The Physiological Basis of Hibernation in Mammals

Abstract

Hibernation is a complicated physiological adaptation that allows mammals, especially those living in temperate and polar regions, to survive for extended periods of time when food is few and the environment is harsh. In order to store energy reserves for the winter, animals enter a state of deep metabolic suppression known as hibernation. This state is characterized by a synchronized decrease in body temperature, heart rate, respiration rate, and total energy expenditure. Complex molecular, cellular, and systemic regulatory mechanisms underpin hibernation's physiological basis. These mechanisms include changes in metabolic fuel utilization from carbohydrates to lipids, modulation of mitochondrial function, and suppression of non-essential physiological processes. The hypothalamus, thyroid hormones, and melatonin are all important neuroendocrine regulators that help start and keep torpor states going.

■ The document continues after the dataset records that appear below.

text \<open>Testing \<open>q = L \<circ> p \<circ> \<sigma> + c\<close> against the functional \<open>inner (L V)\<close> yields a scalar
  equation to which \<open>DERIV_through_composition\<close> applies.\<close>
lemma reparametrized_image_velocity:
  fixes \<sigma> :: "real \<Rightarrow> real" and p :: "real \<Rightarrow> 'a::real_normed_vector"
    and q :: "real \<Rightarrow> 'b::real_inner"
  assumes L: "bounded_linear L" "L V \<noteq> 0"
    and s: "a < b" "s \<in> {a..b}"
    and \<sigma>: "continuous_on {a..b} \<sigma>" "inj_on \<sigma> {a..b}" "\<sigma> ` {a..b} \<subseteq> T"
    and p: "(p has_vector_derivative V) (at (\<sigma> s) within T)"
    and q: "(q has_vector_derivative w) (at s within {a..b})"
    and q_eq: "\<forall>u\<in>{a..b}. q u = L (p (\<sigma> u)) + c"
  obtains d where "(\<sigma> has_real_derivative d) (at s within {a..b})" "w = L (d *\<^sub>R V)"
proof -
  have LV: "bounded_linear (\<lambda>x. inner (L V) (L x))"
    using bounded_linear_compose[OF bounded_linear_inner_right L(1)] .
  have F: "((\<lambda>t. inner (L V) (L (p t))) has_real_derivative inner (L V) (L V)) (at (\<sigma> s) within T)"
    using bounded_linear.has_vector_derivative[OF LV p]
    by (simp add: has_real_derivative_iff_has_vector_derivative)
  have G: "((\<lambda>u. inner (L V) (q u - c)) has_real_derivative inner (L V) w) (at s within {a..b})"
    using bounded_linear.has_vector_derivative[OF bounded_linear_inner_right
        has_vector_derivative_diff_const[THEN iffD2, OF q]]
    by (simp add: has_real_derivative_iff_has_vector_derivative)
  define d where "d = inner (L V) w / inner (L V) (L V)"
  have \<sigma>': "(\<sigma> has_real_derivative d) (at s within {a..b})"
    unfolding d_def
  proof (rule DERIV_through_composition[OF _ \<sigma>(2,3) s(2) F _ G])
    show "continuous (at s within {a..b}) \<sigma>"
      using \<sigma>(1) s(2) continuous_on_eq_continuous_within by blast
  qed (use L(2) q_eq in auto)
  have "((p \<circ> \<sigma>) has_vector_derivative d *\<^sub>R V) (at s within {a..b})"
    by (rule vector_diff_chain_within)
      (use \<sigma>' has_vector_derivative_within_subset[OF p \<sigma>(3)] in
        \<open>simp_all add: has_real_derivative_iff_has_vector_derivative\<close>)
  then have "((\<lambda>u. L (p (\<sigma> u)) + c) has_vector_derivative L (d *\<^sub>R V)) (at s within {a..b})"
    unfolding has_vector_derivative_add_const
    using bounded_linear.has_vector_derivative[OF L(1)] by (simp add: o_def)
  then have "(q has_vector_derivative L (d *\<^sub>R V)) (at s within {a..b})"
    by (rule has_vector_derivative_transform_within[of _ _ _ _ 1]) (use s q_eq in auto)
  with q s have "w = L (d *\<^sub>R V)"
    using vector_derivative_unique_within[OF at_within_Icc_nontrivial] by blast
  with \<sigma>' show thesis using that by blast
qed

lemma mono_on_Icc_onto_endpoints:
  fixes f :: "real \<Rightarrow> real"
  assumes "mono_on {a..b} f" "f ` {a..b} = {c..d}" "a \<le> b"
  shows "f a = c" "f b = d"
proof -
  have "c \<le> d" using assms(2,3) by (metis atLeastAtMost_iff image_eqI order_trans order_refl)
  then obtain u v where "u \<in> {a..b}" "f u = c" "v \<in> {a..b}" "f v = d"
    using assms(2) by (metis atLeastAtMost_iff imageE order_refl)
  moreover have "f a \<in> {c..d}" "f b \<in> {c..d}" using assms(2,3) by auto
  ultimately show "f a = c" "f b = d"
    using mono_onD[OF assms(1)] assms(3) by (metis atLeastAtMost_iff antisym order_refl)+
qed

definition newton_solution :: "(real \<Rightarrow> complex) \<Rightarrow> (real \<Rightarrow> complex) \<Rightarrow> real set \<Rightarrow> bool" where
  "newton_solution q v S \<longleftrightarrow> (\<forall>t\<in>S. q t \<noteq> 0 \<and> (q has_vector_derivative v t) (at t within S) \<and>
     (v has_vector_derivative - (q t / of_real (norm (q t) ^ 3))) (at t within S))"

lemma kepler_motion_iff: "kepler_motion q a b \<longleftrightarrow> a < b \<and> (\<exists>v. newton_solution q v {a..b})"
  by (simp add: kepler_motion_def newton_solution_def)

definition wedge :: "complex \<Rightarrow> complex \<Rightarrow> real" where
  "wedge z w = Re z * Im w - Im z * Re w"

lemma newton_solutionD:
  assumes "newton_solution q v S" "t \<in> S"
  shows "q t \<noteq> 0" "(q has_vector_derivative v t) (at t within S)"
    "(v has_vector_derivative - (q t / of_real (norm (q t) ^ 3))) (at t within S)"
  using assms by (auto simp: newton_solution_def)

lemma newton_solution_has_real_derivatives:
  assumes "newton_solution q v S" "t \<in> S"
  shows "((\<lambda>t. Re (q t)) has_real_derivative Re (v t)) (at t within S)"
    and "((\<lambda>t. Im (q t)) has_real_derivative Im (v t)) (at t within S)"
    and "((\<lambda>t. Re (v t)) has_real_derivative - Re (q t) / norm (q t) ^ 3) (at t within S)"
    and "((\<lambda>t. Im (v t)) has_real_derivative - Im (q t) / norm (q t) ^ 3) (at t within S)"
    and "((\<lambda>t. norm (q t)) has_real_derivative
           (Re (q t) * Re (v t) + Im (q t) * Im (v t)) / norm (q t)) (at t within S)"
proof -
  note q = newton_solutionD(1,2)[OF assms] and v = newton_solutionD(3)[OF assms]
  show "((\<lambda>t. Re (q t)) has_real_derivative Re (v t)) (at t within S)"
    and "((\<lambda>t. Im (q t)) has_real_derivative Im (v t)) (at t within S)"
    using q by (auto intro: derivative_intros)
  show "((\<lambda>t. Re (v t)) has_real_derivative - Re (q t) / norm (q t) ^ 3) (at t within S)"
    and "((\<lambda>t. Im (v t)) has_real_derivative - Im (q t) / norm (q t) ^ 3) (at t within S)"
    using has_field_derivative_Re[OF v] has_field_derivative_Im[OF v]
    by (simp_all add: Re_divide_of_real Im_divide_of_real)
  have "0 < (Re (q t))\<^sup>2 + (Im (q t))\<^sup>2"
    using q(1) by (simp add: sum_power2_gt_zero_iff complex_eq_iff)
  then have "((\<lambda>t. sqrt ((Re (q t))\<^sup>2 + (Im (q t))\<^sup>2)) has_real_derivative
      inverse (sqrt ((Re (q t))\<^sup>2 + (Im (q t))\<^sup>2)) / 2 *
        (2 * Re (q t) * Re (v t) + 2 * Im (q t) * Im (v t))) (at t within S)"
    by (rule DERIV_chain2[OF DERIV_real_sqrt])
      (use q(2) in \<open>auto intro!: derivative_eq_intros\<close>)
  then show "((\<lambda>t. norm (q t)) has_real_derivative
      (Re (q t) * Re (v t) + Im (q t) * Im (v t)) / norm (q t)) (at t within S)"
    unfolding norm_complex_def by (rule DERIV_cong) (simp add: divide_simps algebra_simps)
qed

lemma newton_solution_wedge_constant:
  assumes "newton_solution q v S" "convex S" "t \<in> S" "u \<in> S"
  shows "wedge (q t) (v t) = wedge (q u) (v u)"
proof -
  have "((\<lambda>t. wedge (q t) (v t)) has_real_derivative 0) (at s within S)" if "s \<in> S" for s
  proof -
    note d = newton_solution_has_real_derivatives[OF assms(1) that] newton_solutionD[OF assms(1) that]
    have "((\<lambda>t. wedge (q t) (v t)) has_real_derivative
        Re (v s) * Im (v s) + Re (q s) * (- Im (q s) / norm (q s) ^ 3)
        - (Im (v s) * Re (v s) + Im (q s) * (- Re (q s) / norm (q s) ^ 3))) (at s within S)"
      unfolding wedge_def using d by (auto intro!: derivative_eq_intros)
    then show ?thesis by (rule DERIV_cong) (simp add: algebra_simps)
  qed
  then obtain c where "\<forall>x\<in>S. wedge (q x) (v x) = c"
    using has_field_derivative_zero_constant[OF assms(2)] by blast
  with assms(3,4) show ?thesis by simp
qed

lemma newton_solution_on_conic_radial:
  assumes "a < b" "newton_solution q v {a..b}"
    and conic: "\<forall>t\<in>{a..b}. norm (q t) = \<alpha> * Re (q t) + \<beta> * Im (q t) + p"
    and t: "t \<in> {a..b}"
  shows "Re (q t) * Re (v t) + Im (q t) * Im (v t) = norm (q t) * (\<alpha> * Re (v t) + \<beta> * Im (v t))"
proof -
  note d = newton_solution_has_real_derivatives[OF assms(2) t] newton_solutionD[OF assms(2) t]
  have "((\<lambda>t. norm (q t) - \<alpha> * Re (q t) - \<beta> * Im (q t) - p) has_real_derivative
      (Re (q t) * Re (v t) + Im (q t) * Im (v t)) / norm (q t) - \<alpha> * Re (v t) - \<beta> * Im (v t))
      (at t within {a..b})"
    using d by (auto intro!: derivative_eq_intros)
  from DERIV_unique_Icc[OF assms(1) t this DERIV_const[of 0]] conic
  have "(Re (q t) * Re (v t) + Im (q t) * Im (v t)) / norm (q t) = \<alpha> * Re (v t) + \<beta> * Im (v t)"
    by simp
  with newton_solutionD(1)[OF assms(2) t] show ?thesis by (simp add: field_simps)
qed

The underlying causes of periodic arousals, which are necessary for the maintenance of brain and immunological functions and are characterized by the transient restoration of euthermic circumstances, are only partially understood. In order to prevent tissue damage during cycles of hypothermia and rewarming, hibernation entails reversible changes in gene expression, protein synthesis, and neuroprotection. This finding has important biological implications for organ preservation, hypothermia therapy, and space travel. examines the physiological processes that cause mammals to hibernate, delves into the adaptive value of this phenomenon, and discusses new viewpoints on how it relates to human health and biomedical advancements.